▶ **Exercise aim**: Wherever the string "thesis" appears in the records, return the line that holds it.

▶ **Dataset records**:

────────────────────

lemma mat_linear_dbar_op: "mat_linear (dbar_op F k)"
proof -
  have "mat_linear (\<lambda>X. F \<cdot> mtrans X + mtrans X \<cdot> mtrans F)"
    using mat_linear_add[OF mat_linear_sandwich_mtrans[of F mat_one]
        mat_linear_sandwich_mtrans[of mat_one "mtrans F"]]
    by simp
  moreover have "mat_linear (\<lambda>X. X)"
    using mat_linear_sandwich[of mat_one mat_one] by simp
  moreover have "mat_linear (\<lambda>X. 0)"
    by (simp add: mat_linear_def)
  ultimately show ?thesis
    using mat_linear_sandwich[of F "mtrans F"] unfolding dbar_op_def
    by (cases "k = 0"; cases "k = 1"; cases "k = 2") simp_all
qed

lemma Dbar_wedge_eq:
  fixes f :: "('n::finite \<Rightarrow> 'a::comm_semiring_1) \<Rightarrow> ('n \<Rightarrow> 'a)"
  assumes "is_linear_endo f"
  shows "Dbar_wedge f u v k = offdiag (dbar_op (mat_of f) k (outer u v))"
proof -
  have fu: "f u = mat_of f *v u" and fv: "f v = mat_of f *v v"
    by (rule linear_endo_eq_mat_vec[OF assms])+
  show ?thesis
    unfolding Dbar_wedge_def dbar_op_def fu fv
    by (simp add: wedge_eq_offdiag_outer add2_eq_plus zero2_eq_zero offdiag_add outer_mat_vec
        outer_mat_vec_left outer_mat_vec_right mtrans_outer)
qed

lemma Dbar2_eq:
  fixes f :: "('n::finite \<Rightarrow> 'a::comm_semiring_1) \<Rightarrow> ('n \<Rightarrow> 'a)"
  assumes "is_linear_endo f"
  shows "Dbar2 f k x = offdiag (dbar_op (mat_of f) k (offdiag x))"
proof (intro ext)
  fix a b
  have "Dbar2 f k x a b = (\<Sum>i\<in>UNIV. \<Sum>j\<in>UNIV.
      if i = j then 0 else x i j * offdiag (dbar_op (mat_of f) k (outer (basis i) (basis j))) a b)"
    by (simp only: Dbar2_def Dbar_wedge_eq[OF assms])
  then show "Dbar2 f k x a b = offdiag (dbar_op (mat_of f) k (offdiag x)) a b"
    by (simp only: mat_linear_offdiag_extension[OF mat_linear_dbar_op])
qed

section \<open>Symmetry of the coefficients of positive degree\<close>

definition hs_conv :: "('n::finite, 'a::comm_semiring_1) mat \<Rightarrow> (nat \<Rightarrow> ('n, 'a) mat) \<Rightarrow> nat \<Rightarrow> ('n, 'a) mat" where
  "hs_conv F Y k = (\<Sum>m\<le>k. hs_op F (k - m) (Y m))"

definition hs_tail :: "('n::finite, 'a::comm_semiring_1) mat \<Rightarrow> (nat \<Rightarrow> ('n, 'a) mat) \<Rightarrow> nat \<Rightarrow> ('n, 'a) mat" where
  "hs_tail F Y k = (\<Sum>m\<le>k. Y m \<cdot> mtrans (mat_pow F (k - m)))"

lemma hs_conv_0 [simp]: "hs_conv F Y 0 = Y 0"
  by (simp add: hs_conv_def)

lemma hs_tail_Suc: "hs_tail F Y (Suc k) = hs_tail F Y k \<cdot> mtrans F + Y (Suc k)"
proof -
  have "Y m \<cdot> mtrans (mat_pow F (Suc k - m)) = Y m \<cdot> mtrans (mat_pow F (k - m)) \<cdot> mtrans F"
    if "m \<le> k" for m
    using that by (simp add: Suc_diff_le mtrans_mat_mul mat_mul_assoc)
  then show ?thesis
    by (simp add: hs_tail_def mat_mul_sum_left)
qed

lemma hs_conv_Suc: "hs_conv F Y (Suc k) = F \<cdot> hs_conv F Y k + hs_tail F Y (Suc k)"
proof -
  have "hs_op F (Suc k - m) (Y m) = F \<cdot> hs_op F (k - m) (Y m) + Y m \<cdot> mtrans (mat_pow F (Suc k - m))"
    if "m \<le> k" for m
    using that by (simp add: Suc_diff_le hs_op_Suc)
  then show ?thesis
    by (simp add: hs_conv_def hs_tail_def sum.distrib mat_mul_sum_right add_ac)
qed

lemma hs_conv_Suc_Suc:
  assumes "mtrans (hs_conv F Y (Suc k)) = hs_conv F Y (Suc k)"
  shows "hs_conv F Y (Suc (Suc k)) = F \<cdot> mtrans (hs_conv F Y k) \<cdot> mtrans F
    + (hs_tail F Y (Suc k) \<cdot> mtrans F + mtrans (hs_tail F Y (Suc k) \<cdot> mtrans F)) + Y (Suc (Suc k))"
proof -
  have "hs_conv F Y (Suc (Suc k)) = F \<cdot> mtrans (hs_conv F Y (Suc k)) + hs_tail F Y (Suc (Suc k))"
    by (simp add: hs_conv_Suc[of F Y "Suc k"] assms)
  also have "\<dots> = F \<cdot> mtrans (F \<cdot> hs_conv F Y k + hs_tail F Y (Suc k)) + hs_tail F Y (Suc (Suc k))"
    by (simp only: hs_conv_Suc)
  finally show ?thesis
    by (simp add: hs_tail_Suc[of F Y "Suc k"] mtrans_add mtrans_mat_mul mat_mul_add_right
        mat_mul_assoc add_ac)
qed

────────────────────

▶ **Solution for this exercise**:
  ultimately show ?thesis
  show ?thesis
  then show ?thesis
  then show ?thesis
  finally show ?thesis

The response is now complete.